* Exercise
Copy every line from the records below that carries the word "Longrightarrow".

===== Data excerpts =====

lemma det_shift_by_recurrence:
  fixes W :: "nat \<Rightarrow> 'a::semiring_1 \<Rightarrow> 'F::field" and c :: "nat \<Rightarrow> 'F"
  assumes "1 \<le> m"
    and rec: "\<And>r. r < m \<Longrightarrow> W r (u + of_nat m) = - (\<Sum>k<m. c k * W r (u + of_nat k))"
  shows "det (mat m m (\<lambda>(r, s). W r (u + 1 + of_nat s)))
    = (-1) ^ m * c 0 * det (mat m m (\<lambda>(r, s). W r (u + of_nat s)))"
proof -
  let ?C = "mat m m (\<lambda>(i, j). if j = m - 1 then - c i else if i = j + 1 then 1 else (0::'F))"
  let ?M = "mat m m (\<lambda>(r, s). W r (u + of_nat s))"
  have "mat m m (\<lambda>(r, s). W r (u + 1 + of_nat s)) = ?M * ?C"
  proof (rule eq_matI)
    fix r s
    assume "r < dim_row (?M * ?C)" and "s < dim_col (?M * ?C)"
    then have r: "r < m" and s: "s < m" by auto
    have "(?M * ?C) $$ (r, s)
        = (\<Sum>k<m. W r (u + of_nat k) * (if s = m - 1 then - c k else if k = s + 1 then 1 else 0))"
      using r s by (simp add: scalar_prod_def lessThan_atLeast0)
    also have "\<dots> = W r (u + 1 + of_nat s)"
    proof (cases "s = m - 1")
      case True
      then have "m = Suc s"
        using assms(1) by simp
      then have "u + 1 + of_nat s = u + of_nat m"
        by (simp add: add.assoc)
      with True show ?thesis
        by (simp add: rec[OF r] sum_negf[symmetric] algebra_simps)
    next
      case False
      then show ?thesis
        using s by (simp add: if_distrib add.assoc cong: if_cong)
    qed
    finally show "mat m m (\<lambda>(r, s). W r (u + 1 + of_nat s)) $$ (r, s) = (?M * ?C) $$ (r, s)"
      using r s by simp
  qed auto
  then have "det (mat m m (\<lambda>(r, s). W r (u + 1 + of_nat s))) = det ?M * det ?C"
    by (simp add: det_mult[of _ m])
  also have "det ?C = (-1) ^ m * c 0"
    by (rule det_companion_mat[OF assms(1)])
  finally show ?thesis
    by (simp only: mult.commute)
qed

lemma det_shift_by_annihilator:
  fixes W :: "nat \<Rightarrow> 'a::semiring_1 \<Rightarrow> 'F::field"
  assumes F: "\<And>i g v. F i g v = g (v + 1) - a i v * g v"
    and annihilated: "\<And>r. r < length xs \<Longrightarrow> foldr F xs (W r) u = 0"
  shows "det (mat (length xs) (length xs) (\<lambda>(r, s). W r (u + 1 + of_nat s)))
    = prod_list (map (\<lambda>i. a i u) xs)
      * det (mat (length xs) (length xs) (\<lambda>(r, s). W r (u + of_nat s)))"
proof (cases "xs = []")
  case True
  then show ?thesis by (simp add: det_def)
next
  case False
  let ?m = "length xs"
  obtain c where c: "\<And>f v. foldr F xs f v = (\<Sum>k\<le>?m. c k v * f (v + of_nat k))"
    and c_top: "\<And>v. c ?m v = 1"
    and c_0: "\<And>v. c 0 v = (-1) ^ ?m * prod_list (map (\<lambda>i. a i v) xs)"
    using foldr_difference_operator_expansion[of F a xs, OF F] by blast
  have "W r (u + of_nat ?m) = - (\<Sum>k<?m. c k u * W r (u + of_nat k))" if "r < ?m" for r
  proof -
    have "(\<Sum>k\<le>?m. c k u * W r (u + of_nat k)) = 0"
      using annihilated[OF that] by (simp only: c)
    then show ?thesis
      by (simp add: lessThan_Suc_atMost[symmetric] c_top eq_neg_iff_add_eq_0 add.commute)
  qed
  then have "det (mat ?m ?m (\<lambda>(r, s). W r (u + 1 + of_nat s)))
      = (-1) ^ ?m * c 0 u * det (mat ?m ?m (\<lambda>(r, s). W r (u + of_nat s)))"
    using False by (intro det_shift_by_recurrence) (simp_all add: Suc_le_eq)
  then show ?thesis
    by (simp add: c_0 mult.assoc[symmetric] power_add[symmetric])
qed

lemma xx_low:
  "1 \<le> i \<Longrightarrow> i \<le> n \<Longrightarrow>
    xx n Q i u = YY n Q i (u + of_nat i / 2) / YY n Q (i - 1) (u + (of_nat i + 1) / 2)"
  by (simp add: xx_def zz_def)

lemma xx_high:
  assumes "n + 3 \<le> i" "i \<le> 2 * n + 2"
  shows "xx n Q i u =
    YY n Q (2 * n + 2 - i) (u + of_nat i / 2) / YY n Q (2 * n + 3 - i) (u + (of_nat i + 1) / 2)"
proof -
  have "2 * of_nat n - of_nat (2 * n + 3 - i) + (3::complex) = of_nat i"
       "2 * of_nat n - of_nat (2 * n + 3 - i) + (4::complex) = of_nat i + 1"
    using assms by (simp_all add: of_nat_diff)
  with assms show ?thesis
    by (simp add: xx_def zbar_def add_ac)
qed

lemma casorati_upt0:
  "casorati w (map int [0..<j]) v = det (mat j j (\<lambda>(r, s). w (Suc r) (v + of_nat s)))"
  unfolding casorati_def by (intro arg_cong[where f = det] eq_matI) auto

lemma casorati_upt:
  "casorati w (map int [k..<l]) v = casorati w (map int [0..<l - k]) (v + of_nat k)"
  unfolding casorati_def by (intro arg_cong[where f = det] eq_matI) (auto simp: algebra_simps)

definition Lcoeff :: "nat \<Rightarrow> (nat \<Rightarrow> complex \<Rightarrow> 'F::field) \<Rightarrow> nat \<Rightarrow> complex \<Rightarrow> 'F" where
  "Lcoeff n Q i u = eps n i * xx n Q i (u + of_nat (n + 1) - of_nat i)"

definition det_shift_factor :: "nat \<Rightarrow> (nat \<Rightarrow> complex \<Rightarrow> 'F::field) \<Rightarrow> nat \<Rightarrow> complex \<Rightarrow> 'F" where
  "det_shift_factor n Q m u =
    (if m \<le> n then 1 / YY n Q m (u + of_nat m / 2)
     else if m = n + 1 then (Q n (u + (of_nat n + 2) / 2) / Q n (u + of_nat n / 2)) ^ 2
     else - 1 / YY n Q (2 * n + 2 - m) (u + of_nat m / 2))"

=====
===== Data excerpts =====

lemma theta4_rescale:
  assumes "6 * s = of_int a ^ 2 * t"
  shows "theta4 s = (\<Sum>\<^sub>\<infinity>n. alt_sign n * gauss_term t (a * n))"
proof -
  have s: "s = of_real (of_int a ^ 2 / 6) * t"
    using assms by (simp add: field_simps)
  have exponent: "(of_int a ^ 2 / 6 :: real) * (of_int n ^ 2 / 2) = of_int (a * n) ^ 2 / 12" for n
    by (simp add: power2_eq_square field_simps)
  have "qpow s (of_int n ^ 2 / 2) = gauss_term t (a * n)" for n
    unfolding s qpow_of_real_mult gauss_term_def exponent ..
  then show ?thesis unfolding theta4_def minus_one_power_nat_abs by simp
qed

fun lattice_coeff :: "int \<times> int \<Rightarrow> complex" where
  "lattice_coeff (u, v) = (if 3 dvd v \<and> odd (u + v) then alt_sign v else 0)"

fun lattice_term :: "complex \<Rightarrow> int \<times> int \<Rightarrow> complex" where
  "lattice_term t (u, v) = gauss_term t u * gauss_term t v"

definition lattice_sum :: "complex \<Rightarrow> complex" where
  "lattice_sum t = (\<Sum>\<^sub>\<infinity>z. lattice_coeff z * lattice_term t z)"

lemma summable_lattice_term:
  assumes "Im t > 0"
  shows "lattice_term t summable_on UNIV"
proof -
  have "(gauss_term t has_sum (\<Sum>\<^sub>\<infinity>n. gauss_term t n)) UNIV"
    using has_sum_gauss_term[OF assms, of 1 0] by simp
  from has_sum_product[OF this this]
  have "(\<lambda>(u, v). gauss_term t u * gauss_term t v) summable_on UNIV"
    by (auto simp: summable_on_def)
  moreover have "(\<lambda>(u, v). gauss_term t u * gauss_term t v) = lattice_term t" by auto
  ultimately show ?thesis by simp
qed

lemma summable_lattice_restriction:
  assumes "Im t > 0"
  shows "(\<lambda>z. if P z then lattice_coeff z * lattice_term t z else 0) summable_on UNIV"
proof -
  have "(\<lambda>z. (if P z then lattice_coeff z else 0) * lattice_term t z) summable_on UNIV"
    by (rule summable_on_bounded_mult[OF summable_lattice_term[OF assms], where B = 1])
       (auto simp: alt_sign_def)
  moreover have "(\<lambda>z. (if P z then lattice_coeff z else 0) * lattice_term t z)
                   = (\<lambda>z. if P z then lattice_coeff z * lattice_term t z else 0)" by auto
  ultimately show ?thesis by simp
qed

=====

* Task answer
    and rec: "\<And>r. r < m \<Longrightarrow> W r (u + of_nat m) = - (\<Sum>k<m. c k * W r (u + of_nat k))"
    and annihilated: "\<And>r. r < length xs \<Longrightarrow> foldr F xs (W r) u = 0"
  "1 \<le> i \<Longrightarrow> i \<le> n \<Longrightarrow>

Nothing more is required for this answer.